WORK TO COMPLETE:
From the records below, copy out each line that has the word "lemma".

LISTED RECORDS:
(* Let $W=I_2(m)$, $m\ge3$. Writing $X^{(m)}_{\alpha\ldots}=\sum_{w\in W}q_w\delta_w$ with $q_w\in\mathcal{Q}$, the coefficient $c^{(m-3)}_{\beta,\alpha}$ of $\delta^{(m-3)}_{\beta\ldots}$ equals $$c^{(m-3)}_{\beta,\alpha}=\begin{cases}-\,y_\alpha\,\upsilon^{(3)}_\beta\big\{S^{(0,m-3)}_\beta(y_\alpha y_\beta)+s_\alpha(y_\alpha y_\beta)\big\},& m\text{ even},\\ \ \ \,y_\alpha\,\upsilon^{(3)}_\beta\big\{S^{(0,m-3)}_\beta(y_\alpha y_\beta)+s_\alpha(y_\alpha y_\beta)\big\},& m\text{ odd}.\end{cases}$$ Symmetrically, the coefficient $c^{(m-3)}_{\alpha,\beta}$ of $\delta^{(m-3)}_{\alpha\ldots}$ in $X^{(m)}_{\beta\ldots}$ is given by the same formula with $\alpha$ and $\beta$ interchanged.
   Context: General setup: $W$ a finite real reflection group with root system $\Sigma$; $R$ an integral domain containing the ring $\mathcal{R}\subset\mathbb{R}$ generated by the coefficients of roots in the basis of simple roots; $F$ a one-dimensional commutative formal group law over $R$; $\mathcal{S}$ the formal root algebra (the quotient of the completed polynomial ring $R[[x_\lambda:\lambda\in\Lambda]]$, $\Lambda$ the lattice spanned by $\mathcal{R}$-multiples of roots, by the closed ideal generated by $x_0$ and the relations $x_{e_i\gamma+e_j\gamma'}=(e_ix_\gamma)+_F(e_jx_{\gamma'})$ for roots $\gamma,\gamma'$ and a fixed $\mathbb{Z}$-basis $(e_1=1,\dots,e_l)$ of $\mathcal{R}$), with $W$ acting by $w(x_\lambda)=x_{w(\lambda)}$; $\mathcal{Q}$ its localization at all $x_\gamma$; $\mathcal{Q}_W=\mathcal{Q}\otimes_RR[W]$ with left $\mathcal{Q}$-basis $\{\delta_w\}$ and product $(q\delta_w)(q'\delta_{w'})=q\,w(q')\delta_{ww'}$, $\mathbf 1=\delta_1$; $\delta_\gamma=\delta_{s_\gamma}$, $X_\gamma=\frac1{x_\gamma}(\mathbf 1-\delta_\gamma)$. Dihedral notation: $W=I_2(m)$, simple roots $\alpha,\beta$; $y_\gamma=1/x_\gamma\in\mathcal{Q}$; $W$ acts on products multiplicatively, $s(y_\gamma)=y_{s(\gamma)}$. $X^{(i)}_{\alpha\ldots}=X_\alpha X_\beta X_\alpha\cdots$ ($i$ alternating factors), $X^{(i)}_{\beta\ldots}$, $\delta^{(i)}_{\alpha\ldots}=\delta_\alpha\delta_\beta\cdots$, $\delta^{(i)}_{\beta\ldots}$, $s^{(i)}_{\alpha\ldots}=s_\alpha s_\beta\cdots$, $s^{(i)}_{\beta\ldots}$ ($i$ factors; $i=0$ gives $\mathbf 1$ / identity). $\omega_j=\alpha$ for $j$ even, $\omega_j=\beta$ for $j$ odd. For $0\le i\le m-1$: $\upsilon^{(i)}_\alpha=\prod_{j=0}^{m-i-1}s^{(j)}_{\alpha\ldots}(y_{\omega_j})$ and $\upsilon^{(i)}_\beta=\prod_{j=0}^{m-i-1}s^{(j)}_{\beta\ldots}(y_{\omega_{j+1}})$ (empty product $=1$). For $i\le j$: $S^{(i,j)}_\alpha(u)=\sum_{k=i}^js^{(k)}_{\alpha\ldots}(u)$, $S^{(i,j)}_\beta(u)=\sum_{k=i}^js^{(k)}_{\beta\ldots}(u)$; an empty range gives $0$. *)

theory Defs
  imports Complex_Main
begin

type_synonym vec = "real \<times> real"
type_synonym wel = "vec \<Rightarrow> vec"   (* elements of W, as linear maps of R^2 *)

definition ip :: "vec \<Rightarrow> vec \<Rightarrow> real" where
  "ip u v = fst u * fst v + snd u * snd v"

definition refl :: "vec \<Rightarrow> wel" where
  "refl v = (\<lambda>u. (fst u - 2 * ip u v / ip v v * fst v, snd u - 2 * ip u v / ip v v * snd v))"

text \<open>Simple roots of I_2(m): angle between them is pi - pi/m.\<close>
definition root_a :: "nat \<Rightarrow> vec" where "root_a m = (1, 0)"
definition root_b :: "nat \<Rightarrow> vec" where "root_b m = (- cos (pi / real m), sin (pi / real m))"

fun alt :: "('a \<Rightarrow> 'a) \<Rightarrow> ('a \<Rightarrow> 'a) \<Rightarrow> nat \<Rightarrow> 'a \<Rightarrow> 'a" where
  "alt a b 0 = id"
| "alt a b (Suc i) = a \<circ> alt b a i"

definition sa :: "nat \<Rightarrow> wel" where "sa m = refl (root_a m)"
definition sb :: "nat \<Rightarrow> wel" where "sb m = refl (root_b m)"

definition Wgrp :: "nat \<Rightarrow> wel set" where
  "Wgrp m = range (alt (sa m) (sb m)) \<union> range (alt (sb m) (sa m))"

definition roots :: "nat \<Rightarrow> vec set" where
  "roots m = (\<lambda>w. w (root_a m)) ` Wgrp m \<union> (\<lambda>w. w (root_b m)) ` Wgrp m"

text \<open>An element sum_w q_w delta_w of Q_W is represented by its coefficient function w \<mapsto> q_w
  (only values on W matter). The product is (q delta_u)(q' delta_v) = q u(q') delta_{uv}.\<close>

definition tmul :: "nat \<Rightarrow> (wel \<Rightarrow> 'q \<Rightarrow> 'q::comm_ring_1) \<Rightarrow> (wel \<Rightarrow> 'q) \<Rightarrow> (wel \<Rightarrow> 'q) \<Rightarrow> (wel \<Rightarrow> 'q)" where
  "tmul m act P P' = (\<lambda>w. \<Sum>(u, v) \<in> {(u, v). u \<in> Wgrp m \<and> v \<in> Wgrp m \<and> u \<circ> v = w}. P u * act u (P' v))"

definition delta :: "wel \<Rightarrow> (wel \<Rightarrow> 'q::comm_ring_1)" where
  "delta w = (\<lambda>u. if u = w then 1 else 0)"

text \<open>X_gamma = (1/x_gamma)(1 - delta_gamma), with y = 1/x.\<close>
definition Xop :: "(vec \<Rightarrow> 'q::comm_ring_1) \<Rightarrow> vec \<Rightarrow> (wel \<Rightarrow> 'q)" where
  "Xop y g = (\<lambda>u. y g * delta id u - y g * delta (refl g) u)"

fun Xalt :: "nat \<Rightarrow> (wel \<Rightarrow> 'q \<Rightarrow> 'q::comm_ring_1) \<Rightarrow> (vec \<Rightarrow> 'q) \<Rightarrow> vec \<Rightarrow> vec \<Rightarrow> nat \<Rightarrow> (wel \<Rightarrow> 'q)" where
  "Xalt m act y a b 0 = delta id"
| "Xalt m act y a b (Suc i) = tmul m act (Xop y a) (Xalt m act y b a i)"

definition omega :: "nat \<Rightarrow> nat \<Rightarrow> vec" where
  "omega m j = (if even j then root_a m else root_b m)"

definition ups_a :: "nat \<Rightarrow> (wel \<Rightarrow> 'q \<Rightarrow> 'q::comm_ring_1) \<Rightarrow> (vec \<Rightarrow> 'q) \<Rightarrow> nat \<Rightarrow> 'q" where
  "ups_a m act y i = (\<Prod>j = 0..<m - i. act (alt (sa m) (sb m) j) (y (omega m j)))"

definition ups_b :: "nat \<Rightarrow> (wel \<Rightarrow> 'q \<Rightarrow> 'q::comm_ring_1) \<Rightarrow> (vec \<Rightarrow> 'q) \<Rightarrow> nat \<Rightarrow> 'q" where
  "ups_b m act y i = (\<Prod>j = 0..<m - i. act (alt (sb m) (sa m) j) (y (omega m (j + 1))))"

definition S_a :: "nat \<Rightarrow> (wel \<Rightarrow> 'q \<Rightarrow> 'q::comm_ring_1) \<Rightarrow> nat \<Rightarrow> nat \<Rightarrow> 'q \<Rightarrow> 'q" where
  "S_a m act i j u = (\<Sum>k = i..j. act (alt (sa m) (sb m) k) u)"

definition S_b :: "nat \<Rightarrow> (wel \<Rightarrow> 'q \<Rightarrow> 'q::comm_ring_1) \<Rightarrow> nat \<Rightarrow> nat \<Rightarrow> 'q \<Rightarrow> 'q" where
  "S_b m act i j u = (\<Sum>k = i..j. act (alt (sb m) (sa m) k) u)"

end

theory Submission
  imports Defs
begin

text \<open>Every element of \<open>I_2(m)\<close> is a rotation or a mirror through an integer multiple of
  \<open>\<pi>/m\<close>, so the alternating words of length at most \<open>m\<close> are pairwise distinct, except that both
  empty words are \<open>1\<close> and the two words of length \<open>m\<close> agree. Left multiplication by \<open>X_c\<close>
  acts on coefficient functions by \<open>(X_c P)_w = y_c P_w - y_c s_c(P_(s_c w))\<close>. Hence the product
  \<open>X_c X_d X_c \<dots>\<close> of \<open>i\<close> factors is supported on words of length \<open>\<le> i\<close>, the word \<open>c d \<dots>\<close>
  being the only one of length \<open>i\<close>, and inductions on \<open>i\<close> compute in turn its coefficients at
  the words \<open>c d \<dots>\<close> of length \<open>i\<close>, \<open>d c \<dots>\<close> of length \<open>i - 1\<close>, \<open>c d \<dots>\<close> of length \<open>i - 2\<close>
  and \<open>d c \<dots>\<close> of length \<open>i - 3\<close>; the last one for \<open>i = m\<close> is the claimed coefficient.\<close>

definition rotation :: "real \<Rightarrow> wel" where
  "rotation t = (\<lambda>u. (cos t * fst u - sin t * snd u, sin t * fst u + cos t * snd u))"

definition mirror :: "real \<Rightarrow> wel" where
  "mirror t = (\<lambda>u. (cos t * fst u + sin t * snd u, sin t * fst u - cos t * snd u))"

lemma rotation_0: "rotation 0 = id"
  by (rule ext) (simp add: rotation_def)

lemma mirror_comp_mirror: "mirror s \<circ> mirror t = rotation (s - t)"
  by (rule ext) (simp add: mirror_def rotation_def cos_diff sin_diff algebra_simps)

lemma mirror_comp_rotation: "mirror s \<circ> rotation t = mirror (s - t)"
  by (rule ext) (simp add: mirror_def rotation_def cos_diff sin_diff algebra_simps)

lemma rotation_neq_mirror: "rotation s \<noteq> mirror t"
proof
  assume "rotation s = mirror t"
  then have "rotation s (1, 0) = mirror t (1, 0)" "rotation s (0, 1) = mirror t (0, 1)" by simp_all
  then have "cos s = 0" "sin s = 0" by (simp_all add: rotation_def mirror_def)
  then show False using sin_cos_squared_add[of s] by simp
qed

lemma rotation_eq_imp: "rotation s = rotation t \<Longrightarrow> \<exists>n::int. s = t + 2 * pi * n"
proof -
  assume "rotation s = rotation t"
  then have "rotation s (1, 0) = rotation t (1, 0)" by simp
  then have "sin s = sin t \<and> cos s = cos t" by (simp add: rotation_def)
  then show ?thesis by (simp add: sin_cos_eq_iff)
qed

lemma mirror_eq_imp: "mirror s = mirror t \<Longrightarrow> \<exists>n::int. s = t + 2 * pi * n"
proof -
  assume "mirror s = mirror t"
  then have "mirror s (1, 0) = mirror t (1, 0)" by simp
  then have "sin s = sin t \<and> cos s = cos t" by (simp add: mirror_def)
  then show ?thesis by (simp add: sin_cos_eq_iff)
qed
--
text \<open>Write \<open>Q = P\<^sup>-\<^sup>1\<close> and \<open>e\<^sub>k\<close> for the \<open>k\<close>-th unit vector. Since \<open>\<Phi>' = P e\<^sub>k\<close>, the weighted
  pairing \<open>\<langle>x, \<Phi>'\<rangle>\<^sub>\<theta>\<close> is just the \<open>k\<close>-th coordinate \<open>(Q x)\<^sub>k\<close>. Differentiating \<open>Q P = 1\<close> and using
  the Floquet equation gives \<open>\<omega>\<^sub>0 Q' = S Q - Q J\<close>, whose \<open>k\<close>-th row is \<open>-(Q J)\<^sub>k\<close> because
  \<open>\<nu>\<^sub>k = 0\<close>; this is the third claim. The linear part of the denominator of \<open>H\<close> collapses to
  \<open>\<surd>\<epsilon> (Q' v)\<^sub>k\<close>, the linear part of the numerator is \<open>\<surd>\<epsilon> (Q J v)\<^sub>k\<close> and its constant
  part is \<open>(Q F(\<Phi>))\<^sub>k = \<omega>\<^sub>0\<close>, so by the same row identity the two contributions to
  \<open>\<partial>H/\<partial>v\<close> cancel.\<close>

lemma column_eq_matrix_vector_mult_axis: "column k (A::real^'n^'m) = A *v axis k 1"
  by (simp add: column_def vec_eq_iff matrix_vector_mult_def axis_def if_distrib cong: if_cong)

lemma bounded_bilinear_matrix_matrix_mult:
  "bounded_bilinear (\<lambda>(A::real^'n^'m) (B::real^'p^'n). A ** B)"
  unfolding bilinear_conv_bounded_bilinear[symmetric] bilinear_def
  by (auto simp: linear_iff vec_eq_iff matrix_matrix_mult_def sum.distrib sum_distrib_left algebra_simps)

WORKED SOLUTION:
lemma rotation_0: "rotation 0 = id"
lemma mirror_comp_mirror: "mirror s \<circ> mirror t = rotation (s - t)"
lemma mirror_comp_rotation: "mirror s \<circ> rotation t = mirror (s - t)"
lemma rotation_neq_mirror: "rotation s \<noteq> mirror t"
lemma rotation_eq_imp: "rotation s = rotation t \<Longrightarrow> \<exists>n::int. s = t + 2 * pi * n"
lemma mirror_eq_imp: "mirror s = mirror t \<Longrightarrow> \<exists>n::int. s = t + 2 * pi * n"
lemma column_eq_matrix_vector_mult_axis: "column k (A::real^'n^'m) = A *v axis k 1"
lemma bounded_bilinear_matrix_matrix_mult:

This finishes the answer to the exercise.